Наутро, как справедливо и предполагал Фужеров, доблестный милиционер Хохлов не явился к нему и не отчитался о своих ночных похождениях. Некоторое время Фужеров раздумывал, потом молча оделся, вышел из дома и направился прямиком в отделение милиции. Там он узнал: Хохлова сегодня никто не видел, и где он находится, неизвестно, что является довольно странным, поскольку милиционер Хохлов – человек пунктуальный и всегда заранее докладывает о предстоящих отлучках.

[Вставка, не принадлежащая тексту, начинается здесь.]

definition one_sided_class :: "('p \<times> 'i) set \<Rightarrow> ('p \<times> 'i \<Rightarrow> 'c) \<Rightarrow> 'p \<Rightarrow> 'p \<Rightarrow> 'c \<Rightarrow> bool"
  where "one_sided_class V f p q c \<longleftrightarrow>
    color_class V f c \<inter> part V p \<noteq> {} \<and> color_class V f c \<inter> part V q = {} \<and>
    card (color_class V f c \<inter> part V p) \<le> 3 \<and> card (color_class V f c - part V p) \<le> 3 \<and>
    (\<exists>j. \<forall>x\<in>color_class V f c - part V p. fst x = j)"

lemma small_pair_class_swap: "small_pair_class V q p f c \<longleftrightarrow> small_pair_class V p q f c"
  unfolding small_pair_class_def by auto

lemma reaches_small_pair_class_swap:
  "reaches_small_pair_class V q p f \<longleftrightarrow> reaches_small_pair_class V p q f"
  unfolding reaches_small_pair_class_def small_pair_class_swap[of V q p] ..

lemma reduces_pair_colors_swap: "reduces_pair_colors V q p f \<longleftrightarrow> reduces_pair_colors V p q f"
  unfolding reduces_pair_colors_def by (simp add: Un_commute)

lemma reaches_small_pair_class_mono:
  assumes "reaches_small_pair_class V p q g" "g ` V \<subseteq> f ` V"
  shows "reaches_small_pair_class V p q f"
  using assms unfolding reaches_small_pair_class_def by (meson order_trans)

locale two_parts =
  fixes V :: "(nat \<times> nat) set" and f :: "nat \<times> nat \<Rightarrow> 'c" and p q :: nat
  assumes finite_V: "finite V"
    and relaxed: "relaxed_coloring 3 V cmp_edge f"
    and distinct_parts: "p \<noteq> q"
begin

abbreviation "cls \<equiv> color_class V f"
abbreviation "P \<equiv> part V p"
abbreviation "Q \<equiv> part V q"

lemma swapped: "two_parts V f q p"
  using finite_V relaxed distinct_parts by unfold_locales auto

lemma finite_cls: "finite (cls c)"
  using finite_V unfolding color_class_def by simp

lemma relaxed_cls: "relaxed_class (cls c)"
  using relaxed unfolding relaxed_coloring_cmp_iff by blast

lemma finite_part: "finite (part V j)"
  using finite_V unfolding part_def by simp

lemma part_fst: "v \<in> part V j \<Longrightarrow> fst v = j"
  unfolding part_def by simp

lemma parts_disjoint: "P \<inter> Q = {}"
  using distinct_parts part_fst by blast

lemma recolor_two_classes:
  assumes "c1 \<noteq> c2" "cls c1 \<noteq> {}" "cls c2 \<noteq> {}"
    and N: "N \<subseteq> cls c1 \<union> cls c2" "relaxed_class N" "relaxed_class (cls c1 \<union> cls c2 - N)"
  obtains g where "relaxed_coloring 3 V cmp_edge g" "g ` V \<subseteq> f ` V" "color_class V g c1 = N"
    "\<forall>v\<in>V - (cls c1 \<union> cls c2). g v = f v"
proof
  define g where "g v = (if v \<in> N then c1 else if v \<in> cls c1 \<union> cls c2 then c2 else f v)" for v
  have g_c1: "color_class V g c1 = N" and g_c2: "color_class V g c2 = cls c1 \<union> cls c2 - N"
    and g_other: "c \<noteq> c1 \<Longrightarrow> c \<noteq> c2 \<Longrightarrow> color_class V g c = cls c" for c
    using N(1) \<open>c1 \<noteq> c2\<close> unfolding g_def color_class_def by auto
  have "relaxed_class (color_class V g c)" for c
    using N(2,3) relaxed_cls g_c1 g_c2 g_other by (cases "c = c1"; cases "c = c2") simp_all
  then show "relaxed_coloring 3 V cmp_edge g"
    unfolding relaxed_coloring_cmp_iff by blast
  show "g ` V \<subseteq> f ` V"
    using assms(2,3) unfolding g_def color_class_def by auto
  show "color_class V g c1 = N"
    by (fact g_c1)
  show "\<forall>v\<in>V - (cls c1 \<union> cls c2). g v = f v"
    using N(1) by (auto simp: g_def)
qed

Выяснив то, что ему было нужно, Фужеров отправился на почту и дал телеграмму следующего содержания: «Кинешма. Мало-Пролетарская ул., д.4, Н.Н. Всесвятскому.

Срочно приезжай. Они здесь. Фужеров».

ГЛАВА 6
1

Начальник горотдела НКВД товарищ Шахов, как всегда в предобеденный час, находился на своем наблюдательном пункте, в башенке, и зорким оком оглядывал вверенную ему территорию Соцгорода. Как всегда, ничего особенного не происходило. Все тот же дым, все та же пыль, все те же лица…Тоска смертная. Как вырваться из этой глухомани?

Он отложил в сторону бинокль, сел за столик и задумался.

А стоит ли суетиться? Возможно, следует вести себя осторожней. Так сказать, не высовываться. Его предшественник кончил неважно: понижен в звании и отправлен оперуполномоченным в систему исправительных заведений на край света, в Абакан. Почему – история темная. Были, говорят, какие-то «контры» с секретарем горкома Логидзе. Теперь Логидзе нет в живых, но в судьбе предшественника вряд ли что изменится. Так и будет трубить в каком-нибудь лагере в Сибири. Хотя, собственно, какая разница: Соцгород, Абакан…Черные дыры! Вот Москва, Ленинград…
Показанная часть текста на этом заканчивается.